## WHAT YOU NEED TO DO
Repeat the first line of the listing and each line after it, exactly, through the line containing "theory Defs".

#####

(* Let $K$, $c$, $s$ be as in the context, let $n\ge1$ and let $\gamma_1,\ldots,\gamma_n,\beta_1,\ldots,\beta_n$ be integers. For $i=1,\ldots,n$ let $B_i=\{j\in\{1,\ldots,n\}:\gamma_j=\gamma_i\}$, and let $\gamma_0=\max\{|\gamma_1|,\ldots,|\gamma_n|\}$. Let $F=(c^{s^{\gamma_1}})^{\beta_1}(c^{s^{\gamma_2}})^{\beta_2}\cdots(c^{s^{\gamma_n}})^{\beta_n}$, an element of the base group $K^{\langle s\rangle}$, regarded as a function $\langle s\rangle\to K$. If $\mu$ is an integer with $|\mu|>3\gamma_0$ and $\sum_{j\in B_i}\beta_j=0$ for $i=1,\ldots,n$, then $F(s^{\mu})=1$.
   Context: Notation: $x^y=yxy^{-1}$. For groups $A,B$, the wreath product $A\,\mathrm{Wr}\,B$ is the semidirect product $A^B\rtimes B$, where $A^B$ is the group of all functions $B\to A$ with pointwise multiplication and $B$ acts by $(bf)(x)=f(xb)$, written $f^b=bfb^{-1}$; in particular $(c^{s^{\gamma}})(s^k)=c(s^{k+\gamma})$. $H$ is a group generated by a countable set $\{a^{(1)},a^{(2)},\ldots\}$. Let $Z=\langle z\rangle$ be infinite cyclic and $b^{(i)}\in H^Z$ with $b^{(i)}(z^k)=a^{(i)}$ if $k>0$ and $1$ otherwise; $K=\langle z,b^{(i)}\ (i\in\mathbb{N})\rangle\le H\,\mathrm{Wr}\,Z$. Let $\langle s\rangle$ be infinite cyclic and $c\in K^{\langle s\rangle}$ with $c(s)=z$, $c(s^{2^i})=b^{(i)}$ for $i>0$, $c(s^k)=1$ otherwise; everything takes place in $K\,\mathrm{Wr}\,\langle s\rangle$. *)

theory Defs
  imports "HOL-Algebra.Algebra"
begin

text \<open>Wreath product A Wr Z of a group A with an infinite cyclic group Z = <t>,
  where t^k is represented by the integer k.  An element (f, k) stands for f t^k
  with f : Z -> A arbitrary (all functions).  Multiplication:
  (f t^k)(g t^l) = f (t^k g t^-k) t^(k+l), and (t^k g t^-k)(t^x) = g(t^(x+k)).\<close>
definition wrZ :: "('a, 'b) monoid_scheme \<Rightarrow> ((int \<Rightarrow> 'a) \<times> int) monoid" where
  "wrZ A = \<lparr> carrier = {(f, k). f \<in> UNIV \<rightarrow> carrier A},
             monoid.mult = (\<lambda>(f, k) (g, l). (\<lambda>x. f x \<otimes>\<^bsub>A\<^esub> g (x + k), k + l)),
             one = (\<lambda>_. \<one>\<^bsub>A\<^esub>, 0) \<rparr>"

definition zgen :: "('a, 'b) monoid_scheme \<Rightarrow> (int \<Rightarrow> 'a) \<times> int" where
  "zgen H = (\<lambda>_. \<one>\<^bsub>H\<^esub>, 1)"

definition bgen :: "('a, 'b) monoid_scheme \<Rightarrow> (nat \<Rightarrow> 'a) \<Rightarrow> nat \<Rightarrow> (int \<Rightarrow> 'a) \<times> int" where
  "bgen H a i = (\<lambda>k. if k > 0 then a i else \<one>\<^bsub>H\<^esub>, 0)"

definition Kgrp :: "('a, 'b) monoid_scheme \<Rightarrow> (nat \<Rightarrow> 'a) \<Rightarrow> ((int \<Rightarrow> 'a) \<times> int) monoid" where
  "Kgrp H a = (wrZ H) \<lparr> carrier := generate (wrZ H) (insert (zgen H) (bgen H a ` {1..})) \<rparr>"

definition cfun :: "('a, 'b) monoid_scheme \<Rightarrow> (nat \<Rightarrow> 'a) \<Rightarrow> int \<Rightarrow> (int \<Rightarrow> 'a) \<times> int" where
  "cfun H a k = (if k = 1 then zgen H
                 else if (\<exists>i::nat. i > 0 \<and> k = 2 ^ i) then bgen H a (THE i::nat. i > 0 \<and> k = 2 ^ i)
                 else \<one>\<^bsub>Kgrp H a\<^esub>)"

definition sgen :: "('a, 'b) monoid_scheme \<Rightarrow> (nat \<Rightarrow> 'a) \<Rightarrow> (int \<Rightarrow> (int \<Rightarrow> 'a) \<times> int) \<times> int" where
  "sgen H a = (\<lambda>_. \<one>\<^bsub>Kgrp H a\<^esub>, 1)"

definition celem :: "('a, 'b) monoid_scheme \<Rightarrow> (nat \<Rightarrow> 'a) \<Rightarrow> (int \<Rightarrow> (int \<Rightarrow> 'a) \<times> int) \<times> int" where
  "celem H a = (cfun H a, 0)"

definition conjg :: "('c, 'd) monoid_scheme \<Rightarrow> 'c \<Rightarrow> 'c \<Rightarrow> 'c" where
  "conjg G x y = y \<otimes>\<^bsub>G\<^esub> x \<otimes>\<^bsub>G\<^esub> inv\<^bsub>G\<^esub> y"

definition ordprod :: "('c, 'd) monoid_scheme \<Rightarrow> 'e list \<Rightarrow> ('e \<Rightarrow> 'c) \<Rightarrow> 'c" where
  "ordprod G xs f = foldr (\<lambda>j acc. f j \<otimes>\<^bsub>G\<^esub> acc) xs \<one>\<^bsub>G\<^esub>"

end

theory Submission imports Defs begin

text \<open>Conjugating c by s^\<gamma> shifts its argument by \<gamma>, so
  F(s^\<mu>) is the ordered product of the factors c(s^(\<mu>+\<gamma>_j))^\<beta>_j.
  The function c is trivial outside the powers of two, and the window
  [\<mu> - \<gamma>_0, \<mu> + \<gamma>_0] contains at most one power of two: any power of two in
  it exceeds 2\<gamma>_0, and two distinct such powers differ by more than 2\<gamma>_0.
  Hence all nontrivial factors are powers of one element c(s^(\<mu>+d)), taken
  over the block \<gamma>_j = d, and the exponents there sum to zero.\<close>

lemma wrZ_carrier [simp]: "(f, k) \<in> carrier (wrZ A) \<longleftrightarrow> (\<forall>x. f x \<in> carrier A)"
  by (auto simp: wrZ_def)

lemma wrZ_mult [simp]: "(f, k) \<otimes>\<^bsub>wrZ A\<^esub> (g, l) = (\<lambda>x. f x \<otimes>\<^bsub>A\<^esub> g (x + k), k + l)"
  by (simp add: wrZ_def)

lemma wrZ_one [simp]: "\<one>\<^bsub>wrZ A\<^esub> = (\<lambda>_. \<one>\<^bsub>A\<^esub>, 0)"
  by (simp add: wrZ_def)

lemma wrZ_group:
  assumes "group A" shows "group (wrZ A)"
proof (rule groupI)
  interpret A: group A by fact
  fix x y z assume "x \<in> carrier (wrZ A)" "y \<in> carrier (wrZ A)" "z \<in> carrier (wrZ A)"
  moreover obtain f k g l h m where "x = (f, k)" "y = (g, l)" "z = (h, m)" by (cases x, cases y, cases z)
  ultimately have xyz: "x = (f, k)" "y = (g, l)" "z = (h, m)"
    and f: "\<And>t. f t \<in> carrier A" and g: "\<And>t. g t \<in> carrier A" and h: "\<And>t. h t \<in> carrier A"
    by auto
  show "x \<otimes>\<^bsub>wrZ A\<^esub> y \<in> carrier (wrZ A)"
    using f g by (simp add: xyz)
  show "x \<otimes>\<^bsub>wrZ A\<^esub> y \<otimes>\<^bsub>wrZ A\<^esub> z = x \<otimes>\<^bsub>wrZ A\<^esub> (y \<otimes>\<^bsub>wrZ A\<^esub> z)"
    using f g h by (simp add: xyz A.m_assoc add.assoc)
  show "\<one>\<^bsub>wrZ A\<^esub> \<otimes>\<^bsub>wrZ A\<^esub> x = x"
    using f by (simp add: xyz)
  show "\<exists>y\<in>carrier (wrZ A). y \<otimes>\<^bsub>wrZ A\<^esub> x = \<one>\<^bsub>wrZ A\<^esub>"
    using f by (intro bexI[of _ "(\<lambda>t. inv\<^bsub>A\<^esub> f (t - k), -k)"]) (auto simp: xyz)
qed (use assms in \<open>simp add: group.is_monoid\<close>)

lemma wrZ_shift_inv:
  assumes "group A" shows "inv\<^bsub>wrZ A\<^esub> (\<lambda>_. \<one>\<^bsub>A\<^esub>, k) = (\<lambda>_. \<one>\<^bsub>A\<^esub>, -k)"
proof -
  interpret W: group "wrZ A" by (rule wrZ_group[OF assms])
  interpret A: group A by fact
  show ?thesis by (rule W.inv_equality) simp_all
qed

lemma wrZ_shift_pow:
  assumes "group A" shows "(\<lambda>_. \<one>\<^bsub>A\<^esub>, 1::int) [^]\<^bsub>wrZ A\<^esub> (k::int) = (\<lambda>_. \<one>\<^bsub>A\<^esub>, k)"
proof -
  interpret W: group "wrZ A" by (rule wrZ_group[OF assms])
  interpret A: group A by fact
  have nat_pow: "(\<lambda>_. \<one>\<^bsub>A\<^esub>, 1::int) [^]\<^bsub>wrZ A\<^esub> (m::nat) = (\<lambda>_. \<one>\<^bsub>A\<^esub>, int m)" for m
    by (induction m) simp_all
  show ?thesis by (simp add: int_pow_def2 nat_pow wrZ_shift_inv[OF assms])
qed

lemma wrZ_base_inv:
  assumes "group A" "\<And>x. f x \<in> carrier A"
  shows "inv\<^bsub>wrZ A\<^esub> (f, 0) = (\<lambda>x. inv\<^bsub>A\<^esub> f x, 0)"
proof -
  interpret W: group "wrZ A" by (rule wrZ_group[OF assms(1)])
  interpret A: group A by fact
  show ?thesis by (rule W.inv_equality) (simp_all add: assms(2))
qed

lemma wrZ_base_pow:
  assumes "group A" "\<And>x. f x \<in> carrier A"
  shows "(f, 0::int) [^]\<^bsub>wrZ A\<^esub> (b::int) = (\<lambda>x. f x [^]\<^bsub>A\<^esub> b, 0)"
proof -
  interpret W: group "wrZ A" by (rule wrZ_group[OF assms(1)])
  interpret A: group A by fact
  have nat_pow: "(f, 0::int) [^]\<^bsub>wrZ A\<^esub> (m::nat) = (\<lambda>x. f x [^]\<^bsub>A\<^esub> m, 0)" for m
    by (induction m) simp_all
  show ?thesis
    unfolding int_pow_def2[of "wrZ A"] int_pow_def2[of A]
    by (simp add: nat_pow wrZ_base_inv[OF assms(1)] assms(2))
qed

lemma wrZ_conjg_shift:
  assumes "group A" "\<And>x. f x \<in> carrier A"
  shows "conjg (wrZ A) (f, 0) ((\<lambda>_. \<one>\<^bsub>A\<^esub>, 1::int) [^]\<^bsub>wrZ A\<^esub> (g::int)) = (\<lambda>x. f (x + g), 0)"
proof -
  interpret A: group A by fact
  show ?thesis
    using assms(2) by (simp add: conjg_def wrZ_shift_pow[OF assms(1)] wrZ_shift_inv[OF assms(1)])
qed

lemma ordprod_wrZ_base:
  "ordprod (wrZ A) xs (\<lambda>j. (f j, 0)) = (\<lambda>x. ordprod A xs (\<lambda>j. f j x), 0)"
  by (induction xs) (simp_all add: ordprod_def)

lemma ordprod_int_pow:
  assumes "group A" "x \<in> carrier A"
  shows "ordprod A xs (\<lambda>j. x [^]\<^bsub>A\<^esub> (e j :: int)) = x [^]\<^bsub>A\<^esub> (\<Sum>j\<leftarrow>xs. e j)"
proof -
  interpret A: group A by fact
  show ?thesis by (induction xs) (simp_all add: ordprod_def A.int_pow_mult[OF assms(2)])
qed

lemma ordprod_pow_single_block:
  fixes \<gamma> \<beta> :: "nat \<Rightarrow> int" and g :: "int \<Rightarrow> 'c"
  assumes "group A" "\<And>q. g q \<in> carrier A"
    and single: "\<And>j k. \<lbrakk>j \<in> {1..n}; k \<in> {1..n}; g (\<gamma> j) \<noteq> \<one>\<^bsub>A\<^esub>; g (\<gamma> k) \<noteq> \<one>\<^bsub>A\<^esub>\<rbrakk> \<Longrightarrow> \<gamma> j = \<gamma> k"
    and blocks: "\<forall>i \<in> {1..n}. (\<Sum>j \<in> {j \<in> {1..n}. \<gamma> j = \<gamma> i}. \<beta> j) = 0"
  shows "ordprod A [1..<n+1] (\<lambda>j. g (\<gamma> j) [^]\<^bsub>A\<^esub> \<beta> j) = \<one>\<^bsub>A\<^esub>"
proof -
  interpret A: group A by fact
  have set_eq: "set [1..<n+1] = {1..n}" by auto
  show ?thesis
  proof (cases "\<exists>i\<in>{1..n}. g (\<gamma> i) \<noteq> \<one>\<^bsub>A\<^esub>")
    case False
    then have "ordprod A [1..<n+1] (\<lambda>j. g (\<gamma> j) [^]\<^bsub>A\<^esub> \<beta> j) = ordprod A [1..<n+1] (\<lambda>j. \<one>\<^bsub>A\<^esub>)"
      unfolding ordprod_def by (intro foldr_cong) (auto simp: set_eq)
    also have "\<dots> = \<one>\<^bsub>A\<^esub>" by (induction n) (simp_all add: ordprod_def)
    finally show ?thesis .
  next
    case True
    then obtain i where i: "i \<in> {1..n}" "g (\<gamma> i) \<noteq> \<one>\<^bsub>A\<^esub>" by blast
    define e where "e j = (if \<gamma> j = \<gamma> i then \<beta> j else 0)" for j
    have "g (\<gamma> j) [^]\<^bsub>A\<^esub> \<beta> j = g (\<gamma> i) [^]\<^bsub>A\<^esub> e j" if "j \<in> {1..n}" for j
    proof (cases "\<gamma> j = \<gamma> i")
      case False
      then have "g (\<gamma> j) = \<one>\<^bsub>A\<^esub>" using single[OF that i(1) _ i(2)] by blast
      then show ?thesis using False by (simp add: e_def)
    qed (simp add: e_def)
    then have "ordprod A [1..<n+1] (\<lambda>j. g (\<gamma> j) [^]\<^bsub>A\<^esub> \<beta> j)
        = ordprod A [1..<n+1] (\<lambda>j. g (\<gamma> i) [^]\<^bsub>A\<^esub> e j)"
      unfolding ordprod_def by (intro foldr_cong) (auto simp: set_eq)
    also have "\<dots> = g (\<gamma> i) [^]\<^bsub>A\<^esub> (\<Sum>j\<leftarrow>[1..<n+1]. e j)"
      by (rule ordprod_int_pow[OF assms(1,2)])
    also have "(\<Sum>j\<leftarrow>[1..<n+1]. e j) = (\<Sum>j \<in> {1..n}. e j)"
      by (simp only: sum_list_distinct_conv_sum_set distinct_upt set_eq)
    also have "\<dots> = (\<Sum>j \<in> {j \<in> {1..n}. \<gamma> j = \<gamma> i}. \<beta> j)"
      unfolding e_def by (rule sum.inter_filter[symmetric]) simp
    finally show ?thesis using blocks i(1) by simp
  qed
qed

lemma powers_of_two_far_apart:
  fixes M :: int
  assumes "i < k" "(2::int) ^ i > 2 * M"
  shows "(2::int) ^ k - 2 ^ i > 2 * M"
proof -
  have "(2::int) ^ Suc i \<le> 2 ^ k" using assms(1) by (intro power_increasing) auto
  then show ?thesis using assms(2) by simp
qed

lemma power_of_two_window_unique:
  fixes \<mu> u v M :: int
  assumes "\<bar>\<mu>\<bar> > 3 * M" "\<bar>u\<bar> \<le> M" "\<bar>v\<bar> \<le> M"
    and "\<mu> + u = 2 ^ i" "\<mu> + v = 2 ^ k"
  shows "u = v"
proof -
  have "\<mu> + u > 0" using assms(4) by simp
  then have "\<mu> > 3 * M" using assms(1,2) by linarith
  then have big: "(2::int) ^ i > 2 * M" "(2::int) ^ k > 2 * M"
    using assms(2-5) by linarith+
  have "i = k"
  proof (cases i k rule: linorder_cases)
    case less
    then show ?thesis using powers_of_two_far_apart[OF less big(1)] assms(2-5) by linarith
  next
    case greater
    then show ?thesis using powers_of_two_far_apart[OF greater big(2)] assms(2-5) by linarith
  qed
  then show ?thesis using assms(4,5) by simp
qed

lemma cfun_support:
  assumes "cfun H a q \<noteq> \<one>\<^bsub>Kgrp H a\<^esub>" shows "\<exists>i::nat. q = 2 ^ i"
  using assms unfolding cfun_def by (metis power_0)

lemma Kgrp_group:
  assumes "group H" "a ` {1..} \<subseteq> carrier H"
  shows "group (Kgrp H a)"
proof -
  interpret W: group "wrZ H" by (rule wrZ_group[OF assms(1)])
  interpret H: group H by fact
  have "insert (zgen H) (bgen H a ` {1..}) \<subseteq> carrier (wrZ H)"
    using assms(2) by (auto simp: zgen_def bgen_def)
  then show ?thesis
    unfolding Kgrp_def by (rule subgroup.subgroup_is_group[OF W.generate_is_subgroup W.is_group])
qed

lemma cfun_closed: "cfun H a q \<in> carrier (Kgrp H a)"
proof -
  let ?S = "insert (zgen H) (bgen H a ` {1..})"
  have "(THE i::nat. i > 0 \<and> q = 2 ^ i) \<in> {1..}" if "i > 0" "q = 2 ^ i" for i :: nat
  proof -
    have "(THE i::nat. i > 0 \<and> q = 2 ^ i) = i"
      using that by (intro the_equality) auto
    then show ?thesis using that by simp
  qed
  then have "cfun H a q \<in> insert \<one>\<^bsub>Kgrp H a\<^esub> ?S"
    unfolding cfun_def by auto
  moreover have "?S \<subseteq> carrier (Kgrp H a)"
    unfolding Kgrp_def by (auto intro: generate.incl)
  ultimately show ?thesis
    using generate.one[of "wrZ H"] by (auto simp: Kgrp_def)
qed

theorem lemma3:
  fixes H :: "('a, 'b) monoid_scheme" and a :: "nat \<Rightarrow> 'a"
    and n :: nat and \<gamma> \<beta> :: "nat \<Rightarrow> int" and \<mu> :: int
  assumes "group H"
    and "a ` {1..} \<subseteq> carrier H"
    and "generate H (a ` {1..}) = carrier H"
    and "n \<ge> 1"
    and "\<bar>\<mu>\<bar> > 3 * Max {\<bar>\<gamma> j\<bar> | j. j \<in> {1..n}}"
    and "\<forall>i \<in> {1..n}. (\<Sum>j \<in> {j \<in> {1..n}. \<gamma> j = \<gamma> i}. \<beta> j) = 0"
  shows "fst (ordprod (wrZ (Kgrp H a)) [1..<n+1]
            (\<lambda>j. (conjg (wrZ (Kgrp H a)) (celem H a)
                     (sgen H a [^]\<^bsub>wrZ (Kgrp H a)\<^esub> \<gamma> j)) [^]\<^bsub>wrZ (Kgrp H a)\<^esub> \<beta> j))
         \<mu> = \<one>\<^bsub>Kgrp H a\<^esub>"
proof -
  let ?K = "Kgrp H a"
  let ?g = "\<lambda>q. cfun H a (\<mu> + q)"
  have K: "group ?K" by (rule Kgrp_group[OF assms(1,2)])
  have factor: "(conjg (wrZ ?K) (celem H a) (sgen H a [^]\<^bsub>wrZ ?K\<^esub> \<gamma> j)) [^]\<^bsub>wrZ ?K\<^esub> \<beta> j
      = (\<lambda>x. cfun H a (x + \<gamma> j) [^]\<^bsub>?K\<^esub> \<beta> j, 0)" for j
    unfolding sgen_def celem_def
    by (simp add: wrZ_conjg_shift[OF K cfun_closed] wrZ_base_pow[OF K cfun_closed])
  have bound: "\<bar>\<gamma> j\<bar> \<le> Max {\<bar>\<gamma> j\<bar> | j. j \<in> {1..n}}" if "j \<in> {1..n}" for j
    using that by (intro Max_ge) auto
  have "\<gamma> j = \<gamma> k"
    if "j \<in> {1..n}" "k \<in> {1..n}" "?g (\<gamma> j) \<noteq> \<one>\<^bsub>?K\<^esub>" "?g (\<gamma> k) \<noteq> \<one>\<^bsub>?K\<^esub>" for j k
    using power_of_two_window_unique[OF assms(5) bound bound] cfun_support that by metis
  then have "ordprod ?K [1..<n+1] (\<lambda>j. ?g (\<gamma> j) [^]\<^bsub>?K\<^esub> \<beta> j) = \<one>\<^bsub>?K\<^esub>"
    by (rule ordprod_pow_single_block[OF K cfun_closed _ assms(6)])
  then show ?thesis
    by (simp add: factor ordprod_wrZ_base add.commute)
qed

end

#####

## OUTPUT FOR THIS TASK
(* Let $K$, $c$, $s$ be as in the context, let $n\ge1$ and let $\gamma_1,\ldots,\gamma_n,\beta_1,\ldots,\beta_n$ be integers. For $i=1,\ldots,n$ let $B_i=\{j\in\{1,\ldots,n\}:\gamma_j=\gamma_i\}$, and let $\gamma_0=\max\{|\gamma_1|,\ldots,|\gamma_n|\}$. Let $F=(c^{s^{\gamma_1}})^{\beta_1}(c^{s^{\gamma_2}})^{\beta_2}\cdots(c^{s^{\gamma_n}})^{\beta_n}$, an element of the base group $K^{\langle s\rangle}$, regarded as a function $\langle s\rangle\to K$. If $\mu$ is an integer with $|\mu|>3\gamma_0$ and $\sum_{j\in B_i}\beta_j=0$ for $i=1,\ldots,n$, then $F(s^{\mu})=1$.
   Context: Notation: $x^y=yxy^{-1}$. For groups $A,B$, the wreath product $A\,\mathrm{Wr}\,B$ is the semidirect product $A^B\rtimes B$, where $A^B$ is the group of all functions $B\to A$ with pointwise multiplication and $B$ acts by $(bf)(x)=f(xb)$, written $f^b=bfb^{-1}$; in particular $(c^{s^{\gamma}})(s^k)=c(s^{k+\gamma})$. $H$ is a group generated by a countable set $\{a^{(1)},a^{(2)},\ldots\}$. Let $Z=\langle z\rangle$ be infinite cyclic and $b^{(i)}\in H^Z$ with $b^{(i)}(z^k)=a^{(i)}$ if $k>0$ and $1$ otherwise; $K=\langle z,b^{(i)}\ (i\in\mathbb{N})\rangle\le H\,\mathrm{Wr}\,Z$. Let $\langle s\rangle$ be infinite cyclic and $c\in K^{\langle s\rangle}$ with $c(s)=z$, $c(s^{2^i})=b^{(i)}$ for $i>0$, $c(s^k)=1$ otherwise; everything takes place in $K\,\mathrm{Wr}\,\langle s\rangle$. *)

theory Defs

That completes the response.